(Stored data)

__________________________________________________

(* Let $P\in\mathcal E_0$ be such that $\mathbb E_P[\epsilon_P\xi_P\mid Z]$ is not almost surely equal to $0$. Assume the weight functions $\hat w^{(n)}$ are estimated on a data set $\mathbf A$ independent of $(\mathbf X^{(n)},\mathbf Y^{(n)},\mathbf Z^{(n)})$, that $\hat f,\hat g$ are estimated on an auxiliary data set independent of both $(\mathbf X^{(n)},\mathbf Y^{(n)},\mathbf Z^{(n)})$ and $\mathbf A$, and that there exists $C>0$ with $|\hat w^{(n)}(z)|\le C$ for all $n,z$. Assume $A_fA_g=o_P(n^{-1})$, $B_f=o_P(1)$, $B_g=o_P(1)$, that there exists $\eta>0$ with $\mathbb E_P[|\epsilon_P\xi_P|^{2+\eta}]<\infty$, and that $P$-almost surely there exists $c>0$ with $\inf_n\operatorname{Var}_P(\epsilon_P\xi_P\hat w^{(n)}(Z)\mid\mathbf A)\ge c$. Assume moreover that $\hat w^{(n)}(z)\to w(z)=\operatorname{sign}(\mathbb E_P[\epsilon_P\xi_P\mid Z=z])$ pointwise for almost all $z\in\mathbb R^{d_Z}$ with $\mathbb E_P[\epsilon_P\xi_P\mid Z=z]\ne0$. Then for all $M>0$, $\mathbb P_P(T^{(n)}\ge M)\to1$.
   Context: Let $X,Y$ be real-valued random variables and $Z$ a random vector in $\mathbb R^{d_Z}$. $\mathcal E_0$ is the set of distributions of $(X,Y,Z)$ absolutely continuous with respect to Lebesgue measure. For $P\in\mathcal E_0$: $f_P(z)=\mathbb E_P[X\mid Z=z]$, $g_P(z)=\mathbb E_P[Y\mid Z=z]$, $\epsilon_P=X-f_P(Z)$, $\xi_P=Y-g_P(Z)$, $u_P(z)=\mathbb E_P[\epsilon_P^2\mid Z=z]$, $v_P(z)=\mathbb E_P[\xi_P^2\mid Z=z]$. Data $(x_i,y_i,z_i)$, $i=1,\dots,n$, i.i.d. copies of $(X,Y,Z)$ form $(\mathbf X^{(n)},\mathbf Y^{(n)},\mathbf Z^{(n)})$; $\hat f,\hat g$ estimate $f_P,g_P$. $A_f=\frac1n\sum_i(f_P(z_i)-\hat f(z_i))^2$, $A_g=\frac1n\sum_i(g_P(z_i)-\hat g(z_i))^2$, $B_f=\frac1n\sum_i(f_P(z_i)-\hat f(z_i))^2v_P(z_i)$, $B_g=\frac1n\sum_i(g_P(z_i)-\hat g(z_i))^2u_P(z_i)$. With $R_i^{(n)}=(x_i-\hat f(z_i))(y_i-\hat g(z_i))\hat w^{(n)}(z_i)$, $T^{(n)}=\frac{\frac1{\sqrt n}\sum_iR_i^{(n)}}{\big(\frac1n\sum_i(R_i^{(n)})^2-(\frac1n\sum_rR_r^{(n)})^2\big)^{1/2}}$. $V_n=o_P(W_n)$ means $\mathbb P_P(|V_n/W_n|>\delta)\to0$ for all $\delta>0$. *)

theory Defs
  imports "HOL-Probability.Probability"
begin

__________________________________________________

▶ The problem
Copy each entry exactly, with nothing added or dropped.

▶ Solution to this exercise
(* Let $P\in\mathcal E_0$ be such that $\mathbb E_P[\epsilon_P\xi_P\mid Z]$ is not almost surely equal to $0$. Assume the weight functions $\hat w^{(n)}$ are estimated on a data set $\mathbf A$ independent of $(\mathbf X^{(n)},\mathbf Y^{(n)},\mathbf Z^{(n)})$, that $\hat f,\hat g$ are estimated on an auxiliary data set independent of both $(\mathbf X^{(n)},\mathbf Y^{(n)},\mathbf Z^{(n)})$ and $\mathbf A$, and that there exists $C>0$ with $|\hat w^{(n)}(z)|\le C$ for all $n,z$. Assume $A_fA_g=o_P(n^{-1})$, $B_f=o_P(1)$, $B_g=o_P(1)$, that there exists $\eta>0$ with $\mathbb E_P[|\epsilon_P\xi_P|^{2+\eta}]<\infty$, and that $P$-almost surely there exists $c>0$ with $\inf_n\operatorname{Var}_P(\epsilon_P\xi_P\hat w^{(n)}(Z)\mid\mathbf A)\ge c$. Assume moreover that $\hat w^{(n)}(z)\to w(z)=\operatorname{sign}(\mathbb E_P[\epsilon_P\xi_P\mid Z=z])$ pointwise for almost all $z\in\mathbb R^{d_Z}$ with $\mathbb E_P[\epsilon_P\xi_P\mid Z=z]\ne0$. Then for all $M>0$, $\mathbb P_P(T^{(n)}\ge M)\to1$.
   Context: Let $X,Y$ be real-valued random variables and $Z$ a random vector in $\mathbb R^{d_Z}$. $\mathcal E_0$ is the set of distributions of $(X,Y,Z)$ absolutely continuous with respect to Lebesgue measure. For $P\in\mathcal E_0$: $f_P(z)=\mathbb E_P[X\mid Z=z]$, $g_P(z)=\mathbb E_P[Y\mid Z=z]$, $\epsilon_P=X-f_P(Z)$, $\xi_P=Y-g_P(Z)$, $u_P(z)=\mathbb E_P[\epsilon_P^2\mid Z=z]$, $v_P(z)=\mathbb E_P[\xi_P^2\mid Z=z]$. Data $(x_i,y_i,z_i)$, $i=1,\dots,n$, i.i.d. copies of $(X,Y,Z)$ form $(\mathbf X^{(n)},\mathbf Y^{(n)},\mathbf Z^{(n)})$; $\hat f,\hat g$ estimate $f_P,g_P$. $A_f=\frac1n\sum_i(f_P(z_i)-\hat f(z_i))^2$, $A_g=\frac1n\sum_i(g_P(z_i)-\hat g(z_i))^2$, $B_f=\frac1n\sum_i(f_P(z_i)-\hat f(z_i))^2v_P(z_i)$, $B_g=\frac1n\sum_i(g_P(z_i)-\hat g(z_i))^2u_P(z_i)$. With $R_i^{(n)}=(x_i-\hat f(z_i))(y_i-\hat g(z_i))\hat w^{(n)}(z_i)$, $T^{(n)}=\frac{\frac1{\sqrt n}\sum_iR_i^{(n)}}{\big(\frac1n\sum_i(R_i^{(n)})^2-(\frac1n\sum_rR_r^{(n)})^2\big)^{1/2}}$. $V_n=o_P(W_n)$ means $\mathbb P_P(|V_n/W_n|>\delta)\to0$ for all $\delta>0$. *)

theory Defs
  imports "HOL-Probability.Probability"
begin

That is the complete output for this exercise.